### Requirement
May I have the lines from the one containing "by (rule interval_integral_cong)" to the end of the entries, returned exactly and with nothing else?

Supplied records section start

lemma U_density_eq_U_laplace:
  assumes a: "a > 0" and u: "u > 0"
  shows "U_density a u = U_laplace a 0 u / (2 * pi * sqrt a)"
proof -
  define f where "f t = chi2_1_density t * scaled_chi2_1_density a (u - t)" for t
  define g where "g \<phi> = u * (1 - cos \<phi>) / 2" for \<phi> :: real
  define g' where "g' \<phi> = u * sin \<phi> / 2" for \<phi> :: real
  define E where "E \<phi> = exp (- (u * U_rate a \<phi>)) / (2 * pi * sqrt a)" for \<phi>
  have fg: "f (g \<phi>) * g' \<phi> = E \<phi>" if "0 < \<phi>" "\<phi> < pi" for \<phi>
    unfolding f_def g_def g'_def E_def using U_integrand_arc_substitution[OF a u that] by simp
  have E_integrable: "set_integrable lborel {0..pi} E"
    unfolding set_integrable_def E_def
    by (rule borel_integrable_compact) (use a in \<open>auto intro!: continuous_intros\<close>)
  have "set_integrable lborel {0<..<pi} E"
    by (rule set_integrable_subset[OF E_integrable]) auto
  moreover have "set_integrable lborel {0<..<pi} (\<lambda>\<phi>. f (g \<phi>) * g' \<phi>) = set_integrable lborel {0<..<pi} E"
    by (rule set_integrable_cong) (auto simp: fg)
  ultimately have "set_integrable lborel {0<..<pi} (\<lambda>\<phi>. f (g \<phi>) * g' \<phi>)"
    by simp
  then have "(LBINT t=0..u. f t) = (LBINT \<phi>=0..pi. f (g \<phi>) * g' \<phi>)"
    unfolding zero_ereal_def
  proof (intro interval_integral_substitution_nonneg(2)[where g = g and g' = g'])
    show "(g has_real_derivative g' \<phi>) (at \<phi>)" for \<phi>
      unfolding g_def g'_def by (auto intro!: derivative_eq_intros)
    show "isCont f (g \<phi>)" if "ereal 0 < ereal \<phi>" "ereal \<phi> < ereal pi" for \<phi>
      using isCont_U_integrand[OF a] arc_substitution_range[OF u] that unfolding f_def g_def by simp
    show "isCont g' \<phi>" for \<phi>
      unfolding g'_def by (auto intro!: continuous_intros)
    show "0 \<le> f t" for t
      unfolding f_def scaled_chi2_1_density_def
      using a by (intro mult_nonneg_nonneg divide_nonneg_pos chi2_1_density_nonneg) auto
    show "0 \<le> g' \<phi>" if "ereal 0 \<le> ereal \<phi>" "ereal \<phi> \<le> ereal pi" for \<phi>
      unfolding g'_def using that u sin_ge_zero by simp
    show "((ereal \<circ> g \<circ> real_of_ereal) \<longlongrightarrow> ereal 0) (at_right (ereal 0))"
      unfolding ereal_tendsto_simps g_def by (auto intro!: tendsto_eq_intros)
    show "((ereal \<circ> g \<circ> real_of_ereal) \<longlongrightarrow> ereal u) (at_left (ereal pi))"
      unfolding ereal_tendsto_simps g_def by (auto intro!: tendsto_eq_intros)
  qed (auto simp: zero_ereal_def)
  also have "\<dots> = (LBINT \<phi>=0..pi. E \<phi>)"
    by (rule interval_integral_cong) (auto simp: fg zero_ereal_def)
  also have "\<dots> = integral {0..pi} E"
    unfolding zero_ereal_def using E_integrable by (intro interval_integral_eq_integral) auto
  also have "\<dots> = U_laplace a 0 u / (2 * pi * sqrt a)"
    unfolding E_def U_laplace_def integral_divide by simp
  finally show ?thesis
    unfolding f_def U_density_eq_interval_integral[OF a u] .
qed
lemma sum_scale_expand:
  "form (\<Sum>i\<in>I. scale (mu i) (zs i)) (\<Sum>j\<in>I. scale (mu j) (zs j))
     = (\<Sum>i\<in>I. \<Sum>j\<in>I. mu i * cj (mu j) * form (zs i) (zs j))"
  by (simp add: sum_left sum_right scale_left scale_right sum_distrib_left mult.assoc,
      subst sum.swap, simp add: ac_simps)

lemma norm_form_commute: "norm (form y x) = norm (form x y)"
  by (subst conj_sym) (rule norm_cj)

lemma norm_sum_scale_le:
  "norm (form (\<Sum>i\<in>I. scale (mu i) (zs i)) (\<Sum>i\<in>I. scale (mu i) (zs i)))
     \<le> (\<Sum>i\<in>I. \<Sum>j\<in>I. norm (mu i) * norm (mu j) * norm (form (zs i) (zs j)))"
proof -
  have "norm (\<Sum>i\<in>I. \<Sum>j\<in>I. mu i * cj (mu j) * form (zs i) (zs j))
      \<le> (\<Sum>i\<in>I. \<Sum>j\<in>I. norm (mu i * cj (mu j) * form (zs i) (zs j)))"
    by (intro order.trans[OF norm_sum] sum_mono norm_sum)
  then show ?thesis
    by (simp add: sum_scale_expand norm_mult norm_cj)
qed

end

definition diag_sum ::
    "('a \<Rightarrow> 'a \<Rightarrow> 'a \<Rightarrow> 'k::real_normed_field) \<Rightarrow> nat \<Rightarrow> (nat \<Rightarrow> 'a) \<Rightarrow> 'a \<Rightarrow> (nat \<Rightarrow> 'k) \<Rightarrow> real" where
  "diag_sum ip n zs z mu = (\<Sum>i=1..n. norm (mu i) ^ 2 * two_norm ip (zs i) z ^ 2)"

definition offdiag_sum ::
    "('a \<Rightarrow> 'a \<Rightarrow> 'a \<Rightarrow> 'k::real_normed_field) \<Rightarrow> nat \<Rightarrow> (nat \<Rightarrow> 'a) \<Rightarrow> 'a \<Rightarrow> (nat \<Rightarrow> 'k) \<Rightarrow> real" where
  "offdiag_sum ip n zs z mu =
     (\<Sum>(i, j)\<in>offdiag n. norm (mu i) * norm (mu j) * norm (ip (zs i) (zs j) z))"

lemma two_norm_nonneg: "two_norm ip x z \<ge> 0"
  by (simp add: two_norm_def)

Supplied records section end

### Task response
    by (rule interval_integral_cong) (auto simp: fg zero_ereal_def)
  also have "\<dots> = integral {0..pi} E"
    unfolding zero_ereal_def using E_integrable by (intro interval_integral_eq_integral) auto
  also have "\<dots> = U_laplace a 0 u / (2 * pi * sqrt a)"
    unfolding E_def U_laplace_def integral_divide by simp
  finally show ?thesis
    unfolding f_def U_density_eq_interval_integral[OF a u] .
qed
lemma sum_scale_expand:
  "form (\<Sum>i\<in>I. scale (mu i) (zs i)) (\<Sum>j\<in>I. scale (mu j) (zs j))
     = (\<Sum>i\<in>I. \<Sum>j\<in>I. mu i * cj (mu j) * form (zs i) (zs j))"
  by (simp add: sum_left sum_right scale_left scale_right sum_distrib_left mult.assoc,
      subst sum.swap, simp add: ac_simps)

lemma norm_form_commute: "norm (form y x) = norm (form x y)"
  by (subst conj_sym) (rule norm_cj)

lemma norm_sum_scale_le:
  "norm (form (\<Sum>i\<in>I. scale (mu i) (zs i)) (\<Sum>i\<in>I. scale (mu i) (zs i)))
     \<le> (\<Sum>i\<in>I. \<Sum>j\<in>I. norm (mu i) * norm (mu j) * norm (form (zs i) (zs j)))"
proof -
  have "norm (\<Sum>i\<in>I. \<Sum>j\<in>I. mu i * cj (mu j) * form (zs i) (zs j))
      \<le> (\<Sum>i\<in>I. \<Sum>j\<in>I. norm (mu i * cj (mu j) * form (zs i) (zs j)))"
    by (intro order.trans[OF norm_sum] sum_mono norm_sum)
  then show ?thesis
    by (simp add: sum_scale_expand norm_mult norm_cj)
qed

end

definition diag_sum ::
    "('a \<Rightarrow> 'a \<Rightarrow> 'a \<Rightarrow> 'k::real_normed_field) \<Rightarrow> nat \<Rightarrow> (nat \<Rightarrow> 'a) \<Rightarrow> 'a \<Rightarrow> (nat \<Rightarrow> 'k) \<Rightarrow> real" where
  "diag_sum ip n zs z mu = (\<Sum>i=1..n. norm (mu i) ^ 2 * two_norm ip (zs i) z ^ 2)"

definition offdiag_sum ::
    "('a \<Rightarrow> 'a \<Rightarrow> 'a \<Rightarrow> 'k::real_normed_field) \<Rightarrow> nat \<Rightarrow> (nat \<Rightarrow> 'a) \<Rightarrow> 'a \<Rightarrow> (nat \<Rightarrow> 'k) \<Rightarrow> real" where
  "offdiag_sum ip n zs z mu =
     (\<Sum>(i, j)\<in>offdiag n. norm (mu i) * norm (mu j) * norm (ip (zs i) (zs j) z))"

lemma two_norm_nonneg: "two_norm ip x z \<ge> 0"
  by (simp add: two_norm_def)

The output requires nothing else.